Trochim (2002) cautions face validity is "the weakest way to try to demonstrate construct validity."
Lacity and Jansen (1994) describe face validity in terms of persuasive appeal and note that test items can seem persuasive even if they lack internal validity.
In conclusion, face validity is essentially a cosmetic affair that should concern test marketers more than test developers.
Buck, G. (11 Nov. 2001,19:00). "Validities." Message posted on L-TESL Online Forum.
Retrieved April 14, 2002 from http://f05n16.cac.psu.edu/archives/ltest-l.html.
Hajipournezhad, G. (2000). An Approach to the Validation of Judgments in Language Testing. In
T. Newfields, S. Yamashita, A. Howard, & C. Rinnert. (Eds). Proceedings of the 2003 JALT Pan-SIG Conference held at Tokyo Keizai University on May 10 - 11, 2003.
(p. 80 - 84). Retrieved April 14, 2002 from http://jalt.org/pansig/2003/HTML/HajiPourNezhad.htm.
Lacity, M., & Jansen, M. A. (1994).
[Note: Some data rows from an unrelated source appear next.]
lemma k_submodule_span_connected_class:
  assumes km: "is_kmodule scV scW n k br"
    and basis_v: "is_basis_family scV v I" and basis_w: "is_basis_family scW w J"
    and mult: "is_multiplicative scV n k br v I w J"
  shows "k_submodule scV n k br (module.span scV (v ` connected_class scV n k br v I w J i))"
proof -
  interpret V: vector_space scV using km by (simp add: is_kmodule_def)
  interpret W: vector_space scW using km by (simp add: is_kmodule_def)
  define C where "C = connected_class scV n k br v I w J i"
  define U where "U = V.span (v ` C)"
  define G where "G l = (if l = 1 then v ` C else v ` I)" for l :: nat
  have U: "V.subspace U" unfolding U_def by simp
  have "br sg (xs(1 := u)) ys \<in> U" if sg: "sg permutes {1..n}" and "u \<in> U" for sg u xs ys
  proof -
    have "V.span (v ` I) = UNIV" "W.span (w ` J) = UNIV"
      using basis_v basis_w by (simp_all add: is_basis_family_def)
    then have "\<forall>l\<in>{1..k}. (xs(1 := u)) l \<in> V.span (G l)" "\<forall>l\<in>{k+1..n}. ys l \<in> W.span (w ` J)"
      using \<open>u \<in> U\<close> by (simp_all add: U_def G_def)
    then show ?thesis
    proof (rule bracket_in_subspace_if_generators[where X = G and Y = "\<lambda>_. w ` J", OF km sg U])
      fix xs' ys' assume xs': "\<forall>l\<in>{1..k}. xs' l \<in> G l" and ys': "\<forall>l\<in>{k+1..n}. ys' l \<in> w ` J"
      have "1 \<le> k" using km by (simp add: is_kmodule_def)
      then have "xs' 1 \<in> v ` C" using bspec[OF xs', of 1] by (simp add: G_def)
      moreover have "\<forall>l\<in>{2..k}. xs' l \<in> v ` I"
      proof
        fix l assume "l \<in> {2..k}"
        then show "xs' l \<in> v ` I" using bspec[OF xs', of l] by (simp add: G_def)
      qed
      ultimately show "br sg xs' ys' \<in> U"
        unfolding U_def C_def
        by (rule bracket_of_basis_vectors_in_span_connected_class[OF km mult sg _ _ ys'])
    qed
  qed
  then show ?thesis
    using U unfolding k_submodule_def U_def C_def by blast
qed
section \<open>Continuous functional calculus\<close>

lemma polynomial_uniform_approx:
  fixes f :: "real \<Rightarrow> real"
  assumes "continuous_on {a..b} f"
  obtains p :: "nat \<Rightarrow> real poly" where "uniform_limit {a..b} (\<lambda>n t. poly (p n) t) f sequentially"
proof -
  have "\<exists>q::real poly. \<forall>t\<in>{a..b}. \<bar>f t - poly q t\<bar> < 1 / (real n + 1)" for n
  proof -
    obtain g where g: "real_polynomial_function g" "\<And>t. t \<in> {a..b} \<Longrightarrow> \<bar>f t - g t\<bar> < 1 / (real n + 1)"
      using Stone_Weierstrass_real_polynomial_function[OF compact_Icc assms, of "1 / (real n + 1)"]
      by auto
    obtain c k where "g = (\<lambda>t. \<Sum>i\<le>k. c i * t ^ i)"
      using real_polynomial_function_imp_sum[OF g(1)] by blast
    then have "poly (\<Sum>i\<le>k. monom (c i) i) t = g t" for t by (simp add: poly_sum poly_monom)
    then show ?thesis using g(2) by metis
  qed
  then obtain p where p: "\<And>n t. t \<in> {a..b} \<Longrightarrow> \<bar>f t - poly (p n) t\<bar> < 1 / (real n + 1)"
    by metis
  have "uniform_limit {a..b} (\<lambda>n t. poly (p n) t) f sequentially"
  proof (rule uniform_limitI)
    fix e :: real assume "e > 0"
    then obtain N :: nat where N: "N > 0" "inverse (real N) < e" using ex_inverse_of_nat_less by blast
    show "\<forall>\<^sub>F n in sequentially. \<forall>t\<in>{a..b}. dist (poly (p n) t) (f t) < e"
    proof (rule eventually_sequentiallyI[of N], intro ballI)
      fix n t assume "N \<le> n" "t \<in> {a..b}"
      moreover have "1 / (real n + 1) \<le> 1 / real N" using N \<open>N \<le> n\<close> by (intro divide_left_mono) auto
      ultimately show "dist (poly (p n) t) (f t) < e"
        using p[of t n] N by (simp add: dist_real_def abs_minus_commute inverse_eq_divide)
    qed
  qed
  then show ?thesis by (rule that)
qed

lemma onorm_poly_op_tendsto_0:
  assumes P: "posop P" and r: "uniform_limit {0..onorm P} (\<lambda>n t. poly (r n) t) (\<lambda>t. 0) sequentially"
  shows "(\<lambda>n. onorm (poly_op (r n) P)) \<longlonglongrightarrow> 0"
proof (rule tendstoI)
  fix e :: real assume "e > 0"
  then have "e/2 > 0" by simp
  from uniform_limitD[OF r this]
  show "\<forall>\<^sub>F n in sequentially. dist (onorm (poly_op (r n) P)) 0 < e"
  proof (rule eventually_mono)
    fix n assume "\<forall>t\<in>{0..onorm P}. dist (poly (r n) t) 0 < e/2"
    then have "onorm (poly_op (r n) P) \<le> e/2"
      by (intro onorm_poly_op_le[OF P]) (simp add: dist_real_def less_imp_le)
    then show "dist (onorm (poly_op (r n) P)) 0 < e"
      using \<open>e > 0\<close> onorm_pos_le[OF bounded_linear_poly_op[OF posopD(1)[OF P]]] by simp
  qed
qed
Understanding qualitative data: A framework of text analysis methods. Journal of Management Information Systems, 11, 137-166.
Roberts, D. M. (Oct. 2000). Face Validity: Is There a Place for This in Measurement? SHIKEN: The JALT Testing & Evaluation SIG Newsletter, 4 (2), 5.
Retrieved April 17, 2002 from http://jalt.org/test/rob_1.htm.
Trochim, W. (2002). "Measurement Validity Types." [Online]
http://trochim.omni.cornell.edu/kb/. [Expired Link].